1. I opened below where using an existing reference may be conditional
   • Can we fix ARM to not evaluate values that are never used? #10410
   • I didn't give a specific example there, however I can provide one here: for a Functions app, I might use a connection string OR a managed identity which I never need to use the connection string.
     • https://techcommunity.microsoft.com/t5/apps-on-azure-blog/use-managed-identity-instead-of-azurewebjobsstorage-to-connect-a/ba-p/3657606
2. It appears that people like conditional use case for existing resources
   • Check if resource exists #4023 (comment)
   • "Such kind of functionality is needed like water for flowers :)"
3. It would be a breaking change.
4. Obviously this issue was opened in favor of the behavior

[miqm]

I think changing this behaviour if we introduce symbolic templates as a "default" can be a big breaking change. sometimes we use existing resources to construct an id (no reference call, just resoruceId).

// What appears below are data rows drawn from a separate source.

text \<open>
  Run the Parry Markov chain on the vertices, which moves along the edge (i, j) with probability
  vR j / (lam * vR i). Let prefix_mass k j y be the probability that the chain started at j reads
  a word of length k that is a prefix of some path in K expanding to y, and limit_mass j y its
  decreasing limit. An atom of \<nu> at y makes limit_mass i y positive for some i. Along the maps
  y \<mapsto> \<beta> y - a the function limit_mass is subharmonic for the chain, and for fixed j it sums to
  at most 1 over any finite set of points, because prefixes of expansions of distinct points are
  eventually distinct. Hence it attains a positive maximum, and by the maximum principle the set
  where the maximum is attained is invariant under the maps. These maps expand distances by \<beta>
  while the set is bounded, so by primitivity it contains exactly one point y_j for every vertex
  j, and y_j = \<beta> y_i - lbl(i, j) on every edge. Every path of K then expands to one of the
  finitely many y_j, and a closed walk of length k gives (\<beta>^k - 1) y_j \<in> \<rat>[\<beta>].
\<close>

lemma geometric_digit_sums:
  fixes \<beta> c :: real
  assumes "\<beta> > 1"
  shows "(\<lambda>k. c / \<beta> * (1 / \<beta>) ^ k) sums (c / (\<beta> - 1))"
proof -
  have "(\<lambda>k. (1 / \<beta>) ^ k) sums (1 / (1 - 1 / \<beta>))"
    using assms by (intro geometric_sums) auto
  from sums_mult[OF this, of "c / \<beta>"] show ?thesis
    using assms by (simp add: field_simps)
qed
(* Let $\mathbf H\in\mathbb R^{N\times L}$ and $\mathbf G=[\mathbf g_1,\dots,\mathbf g_M]\in\mathbb R^{N\times M}$ with $\operatorname{rank}([\mathbf H\ \mathbf G])=L+M$. Perform the recursive differencing procedure described in the context, with arbitrary admissible choices of reference indices $j_1,\dots,j_M$ (assuming that at every step $k$ the vector $\mathbf g_k^{(k-1)}$ has at least two nonzero entries), and let $\boldsymbol\Gamma=\boldsymbol\Gamma^{(M)}\cdots\boldsymbol\Gamma^{(1)}$. Then $\boldsymbol\Gamma\in\mathbb R^{(N-M)\times N}$ has full row rank, $\boldsymbol\Gamma\mathbf G=\mathbf 0$, and with $\mathbf P=(\boldsymbol\Gamma\boldsymbol\Gamma^T)^{-1/2}\boldsymbol\Gamma$ the differential estimate $$\hat{\mathbf x}_d=(\mathbf H^T\mathbf P^T\mathbf P\mathbf H)^{-1}\mathbf H^T\mathbf P^T\mathbf P\mathbf y$$ is well defined and equals $\hat{\mathbf x}_{\mathrm{jls}}=(\mathbf H^T\mathbf P_{\mathbf G}^\perp\mathbf H)^{-1}\mathbf H^T\mathbf P_{\mathbf G}^\perp\mathbf y$ for every $\mathbf y\in\mathbb R^N$. In particular $\hat{\mathbf x}_d$ does not depend on the choice of the reference indices $j_1,\dots,j_M$.
   Context: Recursive differencing procedure: set $\mathbf g_i^{(0)}=\mathbf g_i$ for $i=1,\dots,M$. For $k=1,\dots,M$, let $\mathbf v=\mathbf g_k^{(k-1)}\in\mathbb R^{N-k+1}$, let $Z=\{i:v_i=0\}$ and $S=\{i:v_i\neq0\}$, and choose a reference index $j=j_k\in S$. Define $\boldsymbol\Gamma^{(k)}\in\mathbb R^{(N-k)\times(N-k+1)}$ as the matrix whose rows (listed in increasing order of $i$) are $\mathbf e_i^T$ for $i\in Z$ and $\mathbf e_i^T/v_i-\mathbf e_j^T/v_j$ for $i\in S\setminus\{j\}$, where $\mathbf e_i$ are standard basis vectors of $\mathbb R^{N-k+1}$; that is, the $k$-th step maps a vector $\mathbf d$ to the vector keeping the entries $d_i$, $i\in Z$, and replacing the others by $d_i/v_i-d_j/v_j$, $i\in S\setminus\{j\}$. Then set $\mathbf g_i^{(k)}=\boldsymbol\Gamma^{(k)}\mathbf g_i^{(k-1)}$ for all $i$. $\mathbf P_{\mathbf G}^\perp=\mathbf I_N-\mathbf G(\mathbf G^T\mathbf G)^{-1}\mathbf G^T$; $(\cdot)^{-1/2}$ is the inverse symmetric positive definite square root. *)

theory Defs
  imports "Jordan_Normal_Form.Matrix" "Jordan_Normal_Form.DL_Rank"
begin

text \<open>Matrices are Jordan_Normal_Form matrices over the reals; all indices are 0-based.\<close>

definition mat_inv :: "real mat \<Rightarrow> real mat" where
  "mat_inv A = (THE B. B \<in> carrier_mat (dim_row A) (dim_row A) \<and> A * B = 1\<^sub>m (dim_row A)
                      \<and> B * A = 1\<^sub>m (dim_row A))"

definition spd_mat :: "nat \<Rightarrow> real mat \<Rightarrow> bool" where
  "spd_mat n S \<longleftrightarrow> S \<in> carrier_mat n n \<and> transpose_mat S = S \<and>
      (\<forall>x \<in> carrier_vec n. x \<noteq> 0\<^sub>v n \<longrightarrow> x \<bullet> (S *\<^sub>v x) > 0)"

text \<open>S is the inverse of the symmetric positive definite square root of A,
  i.e. S is symmetric positive definite and (S*S)*A = I.\<close>
definition is_inv_sqrt :: "real mat \<Rightarrow> real mat \<Rightarrow> bool" where
  "is_inv_sqrt S A \<longleftrightarrow> spd_mat (dim_row A) S \<and> S * S * A = 1\<^sub>m (dim_row A)"

definition mat_inv_sqrt :: "real mat \<Rightarrow> real mat" where
  "mat_inv_sqrt A = (THE S. is_inv_sqrt S A)"

text \<open>One differencing step for the vector v (length n) and reference index j:
  the (n-1) x n matrix whose rows, in increasing order of i \<noteq> j, are e_i^T if v_i = 0,
  and e_i^T / v_i - e_j^T / v_j otherwise.\<close>
definition diff_step :: "real vec \<Rightarrow> nat \<Rightarrow> real mat" where
  "diff_step v j = mat (dim_vec v - 1) (dim_vec v) (\<lambda>(r, c).
      let i = (if r < j then r else Suc r) in
      if v $ i = 0 then (if c = i then 1 else 0)
      else (if c = i then 1 / v $ i else 0) - (if c = j then 1 / v $ j else 0))"

text \<open>diff_G js G k = the matrix [g_1^(k), ..., g_M^(k)]; column k (0-based) of it is g_(k+1)^(k).
  js (k+1) is the reference index j_(k+1) used at step k+1.\<close>
fun diff_G :: "(nat \<Rightarrow> nat) \<Rightarrow> real mat \<Rightarrow> nat \<Rightarrow> real mat" where
  "diff_G js G 0 = G"
| "diff_G js G (Suc k) = diff_step (col (diff_G js G k) k) (js (Suc k)) * diff_G js G k"

fun diff_Gamma :: "(nat \<Rightarrow> nat) \<Rightarrow> real mat \<Rightarrow> nat \<Rightarrow> real mat" where
  "diff_Gamma js G 0 = 1\<^sub>m (dim_row G)"
| "diff_Gamma js G (Suc k) = diff_step (col (diff_G js G k) k) (js (Suc k)) * diff_Gamma js G k"

definition admissible_refs :: "(nat \<Rightarrow> nat) \<Rightarrow> real mat \<Rightarrow> bool" where
  "admissible_refs js G \<longleftrightarrow> (\<forall>k < dim_col G.
      let v = col (diff_G js G k) k in
        2 \<le> card {i. i < dim_vec v \<and> v $ i \<noteq> 0} \<and> js (Suc k) < dim_vec v \<and> v $ js (Suc k) \<noteq> 0)"

definition proj_perp :: "real mat \<Rightarrow> real mat" where
  "proj_perp G = 1\<^sub>m (dim_row G) - G * mat_inv (transpose_mat G * G) * transpose_mat G"

end

theory Submission
  imports Defs "Jordan_Normal_Form.Schur_Decomposition"
begin

text \<open>Each differencing step annihilates the current column g_k^(k-1) and has an explicit right
  inverse, so \<Gamma> has full row rank N - M and \<Gamma> G = 0. As G has full column rank, the row space
  of \<Gamma> is then exactly the orthogonal complement of the range of G; hence
  P^T P = \<Gamma>^T (\<Gamma> \<Gamma>^T)^-1 \<Gamma> is the orthogonal projector P_G^perp, whatever the reference
  indices, and the differential estimate coincides with the joint least-squares estimate.
  The rank condition on [H G] also makes P H injective, so H^T P^T P H is invertible.
  The symmetric inverse square root of \<Gamma> \<Gamma>^T exists by the spectral theorem and is unique
  because the Sylvester equation T1 X + X T2 = 0 with positive definite T1, T2 forces X = 0.\<close>

lemma mult_mat_vec_zero_vec [simp]:
  "A \<in> carrier_mat nr n \<Longrightarrow> A *\<^sub>v 0\<^sub>v n = (0\<^sub>v nr :: 'a :: semiring_0 vec)"
  by (intro eq_vecI) auto

lemma zero_mat_mult_vec [simp]:
  "v \<in> carrier_vec n \<Longrightarrow> 0\<^sub>m nr n *\<^sub>v v = (0\<^sub>v nr :: 'a :: semiring_0 vec)"
  by (intro eq_vecI) auto

section \<open>The spectral theorem for real symmetric matrices\<close>

lemma real_symmetric_mat_complex_eigenvalue_real:
  fixes A :: "real mat"
  assumes A: "A \<in> carrier_mat n n" and sym: "transpose_mat A = A"
    and v: "v \<in> carrier_vec n" "v \<noteq> 0\<^sub>v n" and Av: "map_mat complex_of_real A *\<^sub>v v = e \<cdot>\<^sub>v v"
  shows "e \<in> \<real>"
proof -
  define s where "s = (\<Sum>i\<in>{0..<n}. cnj (v$i) * (\<Sum>j\<in>{0..<n}. complex_of_real (A$$(i,j)) * v$j))"
  define r where "r = (\<Sum>i\<in>{0..<n}. cmod (v$i)^2)"
  have row: "(\<Sum>j\<in>{0..<n}. complex_of_real (A$$(i,j)) * v$j) = e * v$i" if i: "i < n" for i
    using arg_cong[OF Av, of "\<lambda>w. w $ i"] i A v by (simp add: scalar_prod_def)
  have "s = (\<Sum>i\<in>{0..<n}. e * (cnj (v$i) * v$i))"
    unfolding s_def by (rule sum.cong) (simp_all add: row mult.left_commute)
  also have "\<dots> = e * (\<Sum>i\<in>{0..<n}. cnj (v$i) * v$i)" by (simp add: sum_distrib_left)
  also have "(\<Sum>i\<in>{0..<n}. cnj (v$i) * v$i) = complex_of_real r"
    unfolding r_def of_real_sum
    by (rule sum.cong) (simp_all only: of_real_power[symmetric] complex_norm_square mult.commute)
  finally have s: "s = e * complex_of_real r" .
  \<comment> \<open>s = v^* A v is real because A is real symmetric\<close>
  have "cnj s = (\<Sum>j\<in>{0..<n}. \<Sum>i\<in>{0..<n}. v$i * complex_of_real (A$$(i,j)) * cnj (v$j))"
    unfolding s_def by (subst sum.swap) (simp add: sum_distrib_left mult.assoc)
  also have "\<dots> = s" unfolding s_def sum_distrib_left
  proof (intro sum.cong refl)
    fix j i assume "j \<in> {0..<n}" "i \<in> {0..<n}"
    then have "A $$ (i,j) = A $$ (j,i)"
      using arg_cong[OF sym, of "\<lambda>B. B $$ (j,i)"] A by simp
    then show "v$i * complex_of_real (A$$(i,j)) * cnj (v$j) = cnj (v$j) * (complex_of_real (A$$(j,i)) * v$i)"
      by (simp add: mult.commute mult.left_commute)
  qed
  finally have s_real: "cnj s = s" .
  obtain i where i: "i < n" and vi: "v $ i \<noteq> 0"
    using v by (metis carrier_vecD eq_vecI index_zero_vec)
  have "0 < cmod (v$i)^2" using vi by simp
  also have "\<dots> \<le> r" unfolding r_def by (rule member_le_sum) (use i in auto)
  finally have "r \<noteq> 0" by simp
  then have "cnj e = e" using s s_real by (metis complex_cnj_complex_of_real complex_cnj_mult mult_right_cancel of_real_eq_0_iff)
  then show ?thesis by (simp add: Reals_cnj_iff)
qed
lemma periodic_eq_iff_mod_eq:
  fixes f :: "nat \<Rightarrow> 'a"
  assumes "\<And>n. f (n + t) = f n" and "t > 0" and "card (range f) = t"
  shows "f i = f j \<longleftrightarrow> i mod t = j mod t"
proof -
  have "inj_on f {..<t}"
    using assms periodic_range[of f t, OF assms(1,2)] by (intro eq_card_imp_inj_on) simp_all
  then show ?thesis
    using periodic_mod[of f t, OF assms(1)] assms(2) by (metis inj_on_eq_iff lessThan_iff mod_less_divisor)
qed

lemma periodic_image_mod_eq_image_mod_gcd:
  fixes f :: "nat \<Rightarrow> 'a"
  assumes "\<And>n. f (n + p) = f n" and "p > 0" "q > 0"
  shows "{f n | n. n mod q = s mod q} = {f n | n. n mod gcd p q = s mod gcd p q}"
proof (intro equalityI subsetI)
  fix y assume "y \<in> {f n | n. n mod q = s mod q}"
  then obtain n where "y = f n" "n mod q = s mod q" by blast
  moreover have "n mod gcd p q = s mod gcd p q"
    using mod_mod_cancel[of "gcd p q" q] \<open>n mod q = s mod q\<close> by (metis gcd_dvd2)
  ultimately show "y \<in> {f n | n. n mod gcd p q = s mod gcd p q}" by blast
next
  fix y assume "y \<in> {f n | n. n mod gcd p q = s mod gcd p q}"
  then obtain n where y: "y = f n" and "n mod gcd p q = s mod gcd p q" by blast
  then obtain j where "(n + p * j) mod q = s mod q"
    using exists_add_mult_mod_eq assms(2,3) by blast
  moreover have "f (n + p * j) = y" using periodic_add_mult[of f p, OF assms(1)] y by simp
  ultimately show "y \<in> {f n | n. n mod q = s mod q}" by blast
qed

lemma card_range_mod_pair_periodic:
  fixes f :: "nat \<Rightarrow> 'a"
  assumes per: "\<And>n. f (n + p) = f n" and "p > 0" "q > 0"
  shows "card (range (\<lambda>n. (n mod q, f n))) =
           q div gcd p q * (\<Sum>r<gcd p q. card {f n | n. n mod gcd p q = r})"
proof -
  define d where "d = gcd p q"
  define C where "C r = {f n | n. n mod d = r}" for r
  have "finite (range f)" using periodic_range[of f p, OF per \<open>p > 0\<close>] by simp
  then have fin: "finite (C r)" for r by (rule rev_finite_subset) (auto simp: C_def)
  have "range (\<lambda>n. (n mod q, f n)) = (SIGMA s:{..<q}. C (s mod d))"
  proof (intro equalityI subsetI)
    fix z assume "z \<in> range (\<lambda>n. (n mod q, f n))"
    then obtain n where "z = (n mod q, f n)" by blast
    moreover have "n mod q mod d = n mod d" by (simp add: d_def mod_mod_cancel)
    ultimately show "z \<in> (SIGMA s:{..<q}. C (s mod d))"
      using \<open>q > 0\<close> by (auto simp: C_def)
  next
    fix z assume "z \<in> (SIGMA s:{..<q}. C (s mod d))"
    then obtain s n where "z = (s, f n)" "s < q" "n mod d = s mod d" by (auto simp: C_def)
    moreover have "f n \<in> {f k | k. k mod q = s mod q}"
      using periodic_image_mod_eq_image_mod_gcd[of f p q s, OF assms] \<open>n mod d = s mod d\<close>
      by (auto simp: d_def)
    ultimately show "z \<in> range (\<lambda>n. (n mod q, f n))"
      by (auto simp: image_iff)
  qed
  then have "card (range (\<lambda>n. (n mod q, f n))) = (\<Sum>s<q. card (C (s mod d)))"
    using fin by simp
  also have "q = q div d * d" by (simp add: d_def)
  also have "(\<Sum>s<q div d * d. card (C (s mod d))) = q div d * (\<Sum>r<d. card (C r))"
    using sum_lessThan_mult_mod[where g = "\<lambda>r. card (C r)" and k = "q div d" and d = d] by simp
  finally show ?thesis by (simp add: C_def d_def)
qed


lemma lrs_rec: "x \<in> lrs a \<Longrightarrow> x (n + 2) = a * x (n + 1) + x n"
  by (simp add: lrs_def)

lemma lrs_shift: "x \<in> lrs a \<Longrightarrow> (\<lambda>n. x (n + t)) \<in> lrs a"
  by (simp add: lrs_def add.commute add.left_commute)

lemma lrs_linear_combination:
  "x \<in> lrs a \<Longrightarrow> y \<in> lrs a \<Longrightarrow> (\<lambda>n. b * x n + c * y n) \<in> lrs a"
  by (simp add: lrs_def algebra_simps)

text \<open>Since the constant coefficient of f is a unit, the recurrence can be run backwards as
  well as forwards, so two consecutive terms determine a sequence modulo m in both directions.\<close>
lemma lrs_cong_from_two_terms:
  assumes x: "x \<in> lrs a" and y: "y \<in> lrs a"
    and "[x i = y i] (mod m)" and "[x (i + 1) = y (i + 1)] (mod m)"
  shows "[x n = y n] (mod m)"
proof -
  define Q where "Q n \<longleftrightarrow> [x n = y n] (mod m) \<and> [x (n + 1) = y (n + 1)] (mod m)" for n
  have forward: "Q (n + 1)" if "Q n" for n
  proof -
    have "[a * x (n + 1) + x n = a * y (n + 1) + y n] (mod m)"
      using that by (intro cong_add cong_mult cong_refl) (simp_all add: Q_def)
    then show ?thesis using that lrs_rec[OF x, of n] lrs_rec[OF y, of n] by (simp add: Q_def)
  qed
  have backward: "Q n" if "Q (n + 1)" for n
  proof -
    have "[x (n + 2) - a * x (n + 1) = y (n + 2) - a * y (n + 1)] (mod m)"
      using that by (intro cong_diff cong_mult cong_refl) (simp_all add: Q_def)
    then show ?thesis using that lrs_rec[OF x, of n] lrs_rec[OF y, of n] by (simp add: Q_def)
  qed
  have "Q i" using assms(3,4) by (simp add: Q_def)
  have up: "Q (i + k)" for k
    by (induction k) (use \<open>Q i\<close> forward in auto)
  have down: "Q (i - k)" for k
  proof (induction k)
    case (Suc k)
    then show ?case
      by (cases "i - k = 0") (use backward[of "i - Suc k"] in \<open>auto simp: Suc_diff_Suc\<close>)
  qed (use \<open>Q i\<close> in simp)
  show ?thesis
    using up[of "n - i"] down[of "i - n"] by (cases "i \<le> n") (simp_all add: Q_def)
qed

lemma lrs_periodic_mod_of_eventually:
  assumes x: "x \<in> lrs a" and "\<forall>n\<ge>N. x (n + t) mod m = x n mod m"
  shows "x (n + t) mod m = x n mod m"
proof -
  have "[x (N + t) = x N] (mod m)" "[x (N + 1 + t) = x (N + 1)] (mod m)"
    using assms(2)[rule_format, of N] assms(2)[rule_format, of "N + 1"]
    by (simp_all add: cong_def add.commute add.left_commute)
  then show ?thesis
    using lrs_cong_from_two_terms[OF lrs_shift[OF x] x] by (simp add: cong_def)
qed

lemma lrs_periodic_mod:
  assumes x: "x \<in> lrs a" and "m > 0"
  shows "\<exists>t\<ge>1. \<forall>n. x (n + t) mod m = x n mod m"
proof -
  define pair where "pair n = (x n mod m, x (n + 1) mod m)" for n
  have "range pair \<subseteq> {0..<m} \<times> {0..<m}" using \<open>m > 0\<close> by (auto simp: pair_def)
  then have "\<not> inj pair"
    using finite_subset infinite_UNIV_nat finite_imageD by blast
  then obtain i j where "i < j" "pair i = pair j"
    by (metis linorder_neqE_nat injI)
  then have "[x (i + (j - i)) = x i] (mod m)" "[x (i + 1 + (j - i)) = x (i + 1)] (mod m)"
    by (simp_all add: pair_def cong_def)
  then have "x (n + (j - i)) mod m = x n mod m" for n
    using lrs_cong_from_two_terms[OF lrs_shift[OF x] x] by (simp add: cong_def)
  then show ?thesis using \<open>i < j\<close> by (intro exI[of _ "j - i"]) auto
qed

lemma
  assumes "x \<in> lrs a" and "m > 0"
  shows tau_ge_1: "tau x m \<ge> 1" and lrs_tau_period: "x (n + tau x m) mod m = x n mod m"
proof -
  let ?P = "\<lambda>t. t \<ge> 1 \<and> (\<exists>N. \<forall>n\<ge>N. x (n + t) mod m = x n mod m)"
  have "?P (tau x m)"
    unfolding tau_def by (rule LeastI_ex) (use lrs_periodic_mod[OF assms] in blast)
  then show "tau x m \<ge> 1" "x (n + tau x m) mod m = x n mod m"
    using lrs_periodic_mod_of_eventually[OF assms(1)] by blast+
qed

lemma card_range_eq_if_same_kernel:
  assumes "\<And>a b. F a = F b \<longleftrightarrow> G a = G b"
  shows "card (range F) = card (range G)"
proof -
  define h where "h y = G (SOME n. F n = y)" for y
  have hF: "h (F n) = G n" for n
    using someI[of "\<lambda>k. F k = F n" n] assms by (simp add: h_def)
  have "inj_on h (range F)" by (auto simp: inj_on_def hF assms)
  moreover have "h ` range F = range G" by (simp add: hF image_image)
  ultimately show ?thesis using card_image by metis
qed

lemma coprime_cong_mult_iff:
  fixes a b m n :: int
  assumes "coprime m n"
  shows "[a = b] (mod m * n) \<longleftrightarrow> [a = b] (mod m) \<and> [a = b] (mod n)"
  using assms coprime_cong_mult cong_dvd_modulus by (metis dvd_triv_left dvd_triv_right)

lemma lrs_chinese_remainder:
  fixes m1 m2 :: int
  assumes "coprime m1 m2" and "x1 \<in> lrs a" and "x2 \<in> lrs a"
  obtains x where "x \<in> lrs a" "\<And>j. x j mod m1 = x1 j mod m1" "\<And>j. x j mod m2 = x2 j mod m2"
proof -
  obtain u where u: "[m2 * u = 1] (mod m1)"
    using cong_solve_coprime_int[of m2 m1] assms(1) by (auto simp: coprime_commute)
  obtain v where v: "[m1 * v = 1] (mod m2)"
    using cong_solve_coprime_int[of m1 m2] assms(1) by auto
  define x where "x j = m2 * u * x1 j + m1 * v * x2 j" for j
  have c1: "[x j = 1 * x1 j + 0 * x2 j] (mod m1)" for j
    unfolding x_def by (intro cong_add cong_mult u cong_refl) (simp add: cong_def)
  have c2: "[x j = 0 * x1 j + 1 * x2 j] (mod m2)" for j
    unfolding x_def by (intro cong_add cong_mult v cong_refl) (simp add: cong_def)
  show ?thesis
  proof (rule that)
    show "x \<in> lrs a" unfolding x_def using assms(2,3) by (rule lrs_linear_combination)
  qed (use c1 c2 in \<open>simp_all add: cong_def\<close>)
qed

lemma rho_eq_tau_imp_mod_eq_iff:
  assumes "x \<in> lrs a" and "m > 0" and "rho x m = tau x m"
  shows "x i mod m = x j mod m \<longleftrightarrow> i mod tau x m = j mod tau x m"
proof (rule periodic_eq_iff_mod_eq)
  show "x (n + tau x m) mod m = x n mod m" for n using lrs_tau_period[OF assms(1,2)] .
  show "tau x m > 0" using tau_ge_1[OF assms(1,2)] by simp
  have "{x n mod m | n. True} = range (\<lambda>n. x n mod m)" by blast
  then show "card (range (\<lambda>n. x n mod m)) = tau x m" using assms(3) by (simp add: rho_def)
qed

lemma rho_mult_eq_card_range_pairs:
  fixes m1 m2 :: int
  assumes "coprime m1 m2" and "x2 \<in> lrs a" and "m2 > 0" and "rho x2 m2 = tau x2 m2"
    and "\<And>j. x j mod m1 = x1 j mod m1" and "\<And>j. x j mod m2 = x2 j mod m2"
  shows "rho x (m1 * m2) = card (range (\<lambda>n. (n mod tau x2 m2, x1 n mod m1)))"
proof -
  have "x i mod (m1 * m2) = x j mod (m1 * m2) \<longleftrightarrow>
      (i mod tau x2 m2, x1 i mod m1) = (j mod tau x2 m2, x1 j mod m1)" for i j
    using coprime_cong_mult_iff[OF assms(1)] rho_eq_tau_imp_mod_eq_iff[OF assms(2-4)]
    by (auto simp: cong_def assms(5,6))
  then have "card (range (\<lambda>n. x n mod (m1 * m2))) = card (range (\<lambda>n. (n mod tau x2 m2, x1 n mod m1)))"
    by (rule card_range_eq_if_same_kernel)
  moreover have "{x n mod (m1 * m2) | n. True} = range (\<lambda>n. x n mod (m1 * m2))" by blast
  ultimately show ?thesis by (simp add: rho_def)
qed

lemma rho_ap_eq_card:
  assumes "r < d"
  shows "rho_ap x m (int r) d = card {x n mod m | n. n mod d = r}"
  using assms unfolding rho_ap_def by (simp add: zmod_int[symmetric])

theorem mainTheorem15:
  fixes a1 m1 m2 :: int and x1 x2 :: "nat \<Rightarrow> int"
  assumes "a1 \<ge> 1" and "m1 \<ge> 1" and "m2 \<ge> 1" and "coprime m1 m2"
    and "x1 \<in> lrs a1" and "x2 \<in> lrs a1"
    and "rho x2 m2 = tau x2 m2"
  shows "\<exists>x \<in> lrs a1.
           (\<forall>j. x j mod m1 = x1 j mod m1) \<and> (\<forall>j. x j mod m2 = x2 j mod m2) \<and>
           real (rho x (m1 * m2)) =
             real (tau x2 m2) / real (gcd (tau x1 m1) (tau x2 m2)) *
             (\<Sum>r = 0..<gcd (tau x1 m1) (tau x2 m2).
                real (rho_ap x1 m1 (int r) (gcd (tau x1 m1) (tau x2 m2))))"
proof -
  define d where "d = gcd (tau x1 m1) (tau x2 m2)"
  have m: "m1 > 0" "m2 > 0" using assms(2,3) by simp_all
  have tau: "tau x1 m1 > 0" "tau x2 m2 > 0"
    using tau_ge_1[OF assms(5) m(1)] tau_ge_1[OF assms(6) m(2)] by simp_all
  obtain x where x: "x \<in> lrs a1" "\<And>j. x j mod m1 = x1 j mod m1" "\<And>j. x j mod m2 = x2 j mod m2"
    using lrs_chinese_remainder[OF assms(4-6)] by blast
  have "rho x (m1 * m2) = card (range (\<lambda>n. (n mod tau x2 m2, x1 n mod m1)))"
    using rho_mult_eq_card_range_pairs[OF assms(4) assms(6) m(2) assms(7) x(2,3)] .
  also have "\<dots> = tau x2 m2 div d * (\<Sum>r<d. rho_ap x1 m1 (int r) d)"
    using card_range_mod_pair_periodic[of "\<lambda>n. x1 n mod m1", OF lrs_tau_period[OF assms(5) m(1)] tau]
    by (simp add: d_def rho_ap_eq_card)
  finally have "real (rho x (m1 * m2)) = real (tau x2 m2 div d) * (\<Sum>r<d. real (rho_ap x1 m1 (int r) d))"
    by simp
  moreover have "real (tau x2 m2 div d) = real (tau x2 m2) / real d"
    by (simp add: d_def real_of_nat_div)
  ultimately show ?thesis
    using x by (auto simp: d_def atLeast0LessThan)
qed

end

We might also not have permission to read the resource but we know it exists (i.e. creating private endpoints).

[brwilkinson]

@jeskew you mentioned below, I was wondering that also relates to this or was it a separate issue?

#9457 (comment)

The fix for this is in the w16 ARM release.

[jeskew]

@brwilkinson The fix in w16 only addresses what ARM does when there is more than one declared resource targeting the same resource ID but only one is active due to conditions. That manifested as a behavioral difference for templates that used a pattern like the following (which would not cause any issues in a non-symbolic name template):

param redeploy bool

resource alreadyThere 'provider/kind@version' existing = if (!redeploy) {
  ...
}

resource new 'provider/kind@version' = if (redeploy) {
  ...
}

This issue is specifically for unreachable/nonexistent existing resources that aren't deactivated via an if clause.

[jeskew]

The consensus of a team discussion was that there shouldn't be any divergence between the behavior of a symbolic name template and a template not using symbolic name syntax. The ARM runtime should be updated to allow existing resources that don't exist so long as no reference function invocation refers to those resources.

If we do add a mechanism to make sure an existing resource actually does exist, it should work regardless of whether the template was compiled with symbolic name codegen enabled.